视觉伺服技术使机器人能够精确地将其末端执行器定位到目标对象上。虽然传统方法依赖于手工特征，因此无需特定任务训练即可普遍适用，但它们通常难以处理遮挡和环境变化，而基于学习的方法提高了稳健性，但通常需要大量训练。我们提出了一种利用预训练的视觉变换器进行语义特征提取的视觉伺服方法，结合了两种方法的优点，同时能够推广到样本之外。我们的方法在无干扰场景中实现了完全收敛，在干扰场景中相对于传统的基于图像的视觉伺服方法提高了高达3 1.2%的改进。即使没有特定任务或对象的训练，也能达到基于学习方法相当的收敛率。现实世界的评估证实了在末端执行器定位、工业箱体操作和仅使用同一类别参考进行未知物体抓取方面的稳健性能。我们的代码和仿真环境可在以下网址找到：https://alessandroscherl.github.io/ViT-VS/ 。

论文及项目相关链接

PDF

Summary
视觉伺服技术使机器人能够精确地将末端执行器定位到目标对象。结合预训练的视觉变压器进行语义特征提取，我们的方法结合了经典方法和基于学习的方法的优势，无需特定的任务或对象训练就能实现超越样本的泛化能力。在受干扰场景中，我们的方法相对于传统的图像视觉伺服技术提高了高达31.2%的性能。在现实世界的应用中，它在末端执行器定位、工业箱操作和同一类别对象的抓取中表现出稳健的性能。

Key Takeaways

该文本介绍了一种结合预训练视觉变压器进行语义特征提取的视觉伺服方法。
该方法结合了经典方法和基于学习的方法的优势，无需特定的任务或对象训练就能实现泛化。
在未受干扰的场景中，该方法实现了完全的收敛。
在受干扰场景中，该方法相对于传统图像视觉伺服技术提高了高达31.2%的性能。
该方法在机器人末端执行器定位、工业箱操作和同一类别对象的抓取中进行了现实世界的评估，表现出稳健的性能。
该方法具有强大的泛化能力，能够处理各种环境和对象的变化。

Cool Papers

点此查看论文截图

GBT-SAM: A Parameter-Efficient Depth-Aware Model for Generalizable Brain tumour Segmentation on mp-MRI

Authors:Cecilia Diana-Albelda, Roberto Alcover-Couso, Álvaro García-Martín, Jesus Bescos, Marcos Escudero-Viñolo

Gliomas are brain tumours that stand out for their highly lethal and aggressive nature, which demands a precise approach in their diagnosis. Medical image segmentation plays a crucial role in the evaluation and follow-up of these tumours, allowing specialists to analyse their morphology. However, existing methods for automatic glioma segmentation often lack generalization capability across other brain tumour domains, require extensive computational resources, or fail to fully utilize the multi-parametric MRI (mp-MRI) data used to delineate them. In this work, we introduce GBT-SAM, a novel Generalizable Brain Tumour (GBT) framework that extends the Segment Anything Model (SAM) to brain tumour segmentation tasks.
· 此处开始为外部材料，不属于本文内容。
(* Assume the conditions of Theorem 2.1. Let $(r_1,\alpha_1),\ldots,(r_k,\alpha_k)$ be any finite collection with $r_i\in\{0,\ldots,m\}$ and $\alpha_i\in(0,1)$, let $\xi_i$ be the $\alpha_i$-quantile of $G_{r_i}$, and suppose each $g_{r_i}$ is continuous and positive at $\xi_i$. Let $\Sigma_{EL}$ be the $k\times k$ matrix with entries $\omega_{r_ir_j}(\xi_i,\xi_j)/\{g_{r_i}(\xi_i)g_{r_j}(\xi_j)\}$ (the asymptotic covariance of $\sqrt n(\hat\xi_i-\xi_i)_i$ for the EL quantiles) and $\Sigma_{EM}$ the $k\times k$ matrix with entries $\sigma_{r_ir_j}(\xi_i,\xi_j)/\{g_{r_i}(\xi_i)g_{r_j}(\xi_j)\}$ (the asymptotic covariance of $\sqrt n(\breve\xi_i-\xi_i)_i$ for the empirical quantiles). Then $\Sigma_{EM}-\Sigma_{EL}$ is nonnegative definite. In particular this holds for any pair $0\le r,s\le m$ and any levels $\alpha_r,\alpha_s$.
   Context: Setting: independent samples $\{x_{kj}\}_{j=1}^{n_k}$ from $G_k$ (density $g_k$), $k=0,\ldots,m$, satisfying the density ratio model $dG_k(x)=\exp\{\theta_k^\tau q(x)\}dG_0(x)$, $q$ known $d$-dimensional with linearly independent components and first component $1$, $\theta_0=0$, true value $\theta^*$, $\int h(x;\theta)dG_0<\infty$ for $\theta$ near $\theta^*$; $n=\sum n_k\to\infty$, $\rho_k=n_k/n$ fixed. $h(x;\theta)=\sum_k\rho_k\exp\{\theta_k^\tau q(x)\}$, $h_k(x)=\rho_k\exp\{\theta_k^{*\tau} q(x)\}/h(x;\theta^* )$, $d\bar G=h(x;\theta^* )dG_0$. The EL quantile $\hat\xi_i=\inf\{x:\hat G_{r_i}(x)\ge\alpha_i\}$ with $\hat G_r(x)=n_r^{-1}\sum_{k,j}h_r(x_{kj};\hat\theta)I(x_{kj}\le x)$, $\hat\theta$ the maximizer of $\ell_n(\theta)=-\sum_{k,j}\log[\sum_r\rho_r\exp\{\theta_r^\tau q(x_{kj})\}]+\sum_{k,j}\theta_k^\tau q(x_{kj})$; the empirical quantile $\breve\xi_i$ is the $\alpha_i$-quantile of the empirical distribution of the $r_i$th sample alone. $W$: $md\times md$ matrix with $d\times d$ blocks $W_{rs}=\int qq^\tau\{h_r\delta_{rs}-h_rh_s\}d\bar G$. $\sigma_{rs}(x,y)=\rho_r^{-1}\delta_{rs}\{G_r(x\wedge y)-G_r(x)G_s(y)\}$; $\omega_{rs}(x,y)=\sigma_{rs}(x,y)-(\rho_r\rho_s)^{-1}\{a_{rs}(x\wedge y)-B_r^\tau(x)W^{-1}B_s(y)\}$ with $a_{rs}(x)=\int_{-\infty}^x\{\delta_{rs}h_r-h_rh_s\}d\bar G$ and $B_r(x)\in\mathbb R^{md}$ having $s$th $d$-dimensional segment $B_{r,s}(x)=\int_{-\infty}^x\{\delta_{rs}h_r(t)-h_r(t)h_s(t)\}q(t)\,d\bar G(t)$, $s=1,\ldots,m$. *)

theory Defs
  imports "HOL-Probability.Probability" "Jordan_Normal_Form.Gauss_Jordan_Elimination"
begin

text \<open>Parameters: dimension d of q, number m
 (samples 0..m), proportions rho, parameter theta (theta k a = a-th component of
 theta_k), basis function q (q x a = a-th component of q(x)), baseline density g0.\<close>

definition lin :: "nat \<Rightarrow> (nat \<Rightarrow> nat \<Rightarrow> real) \<Rightarrow> (real \<Rightarrow> nat \<Rightarrow> real) \<Rightarrow> nat \<Rightarrow> real \<Rightarrow> real" where
  "lin d theta q k x = (\<Sum>a<d. theta k a * q x a)"

definition hfun :: "nat \<Rightarrow> nat \<Rightarrow> (nat \<Rightarrow> real) \<Rightarrow> (nat \<Rightarrow> nat \<Rightarrow> real) \<Rightarrow> (real \<Rightarrow> nat \<Rightarrow> real) \<Rightarrow> real \<Rightarrow> real" where
  "hfun d m rho theta q x = (\<Sum>k\<le>m. rho k * exp (lin d theta q k x))"

definition hr :: "nat \<Rightarrow> nat \<Rightarrow> (nat \<Rightarrow> real) \<Rightarrow> (nat \<Rightarrow> nat \<Rightarrow> real) \<Rightarrow> (real \<Rightarrow> nat \<Rightarrow> real) \<Rightarrow> nat \<Rightarrow> real \<Rightarrow> real" where
  "hr d m rho theta q r x = rho r * exp (lin d theta q r x) / hfun d m rho theta q x"

definition gk :: "nat \<Rightarrow> (nat \<Rightarrow> nat \<Rightarrow> real) \<Rightarrow> (real \<Rightarrow> nat \<Rightarrow> real) \<Rightarrow> (real \<Rightarrow> real) \<Rightarrow> nat \<Rightarrow> real \<Rightarrow> real" where
  "gk d theta q g0 k x = exp (lin d theta q k x) * g0 x"

definition Gk :: "nat \<Rightarrow> (nat \<Rightarrow> nat \<Rightarrow> real) \<Rightarrow> (real \<Rightarrow> nat \<Rightarrow> real) \<Rightarrow> (real \<Rightarrow> real) \<Rightarrow> nat \<Rightarrow> real \<Rightarrow> real" where
  "Gk d theta q g0 k x = (LINT t:{..x}|lborel. gk d theta q g0 k t)"

definition quantile :: "nat \<Rightarrow> (nat \<Rightarrow> nat \<Rightarrow> real) \<Rightarrow> (real \<Rightarrow> nat \<Rightarrow> real) \<Rightarrow> (real \<Rightarrow> real) \<Rightarrow> nat \<Rightarrow> real \<Rightarrow> real" where
  "quantile d theta q g0 k \<alpha> = Inf {x. \<alpha> \<le> Gk d theta q g0 k x}"

definition Gbar :: "nat \<Rightarrow> nat \<Rightarrow> (nat \<Rightarrow> real) \<Rightarrow> (nat \<Rightarrow> nat \<Rightarrow> real) \<Rightarrow> (real \<Rightarrow> nat \<Rightarrow> real) \<Rightarrow> (real \<Rightarrow> real) \<Rightarrow> real measure" where
  "Gbar d m rho theta q g0 = density lborel (\<lambda>x. ennreal (hfun d m rho theta q x * g0 x))"

definition kron :: "nat \<Rightarrow> nat \<Rightarrow> real" where
  "kron r s = (if r = s then 1 else 0)"

definition sigma_rs :: "nat \<Rightarrow> (nat \<Rightarrow> real) \<Rightarrow> (nat \<Rightarrow> nat \<Rightarrow> real) \<Rightarrow> (real \<Rightarrow> nat \<Rightarrow> real) \<Rightarrow> (real \<Rightarrow> real) \<Rightarrow> nat \<Rightarrow> nat \<Rightarrow> real \<Rightarrow> real \<Rightarrow> real" where
  "sigma_rs d rho theta q g0 r s x y =
     kron r s / rho r * (Gk d theta q g0 r (min x y) - Gk d theta q g0 r x * Gk d theta q g0 s y)"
Our method employs a two-step training protocol: first, fine-tuning the patch embedding layer to process the entire mp-MRI modalities, and second, incorporating parameter-efficient LoRA blocks and a Depth-Condition block into the Vision Transformer (ViT) to capture inter-slice correlations. GBT-SAM achieves state-of-the-art performance on the Adult Glioma dataset (Dice Score of $93.54$) while demonstrating robust generalization across Meningioma, Pediatric Glioma, and Sub-Saharan Glioma datasets. Furthermore, GBT-SAM uses less than 6.5M trainable parameters, thus offering an efficient solution for brain tumour segmentation. \ Our code and models are available at https://github.com/vpulab/med-sam-brain .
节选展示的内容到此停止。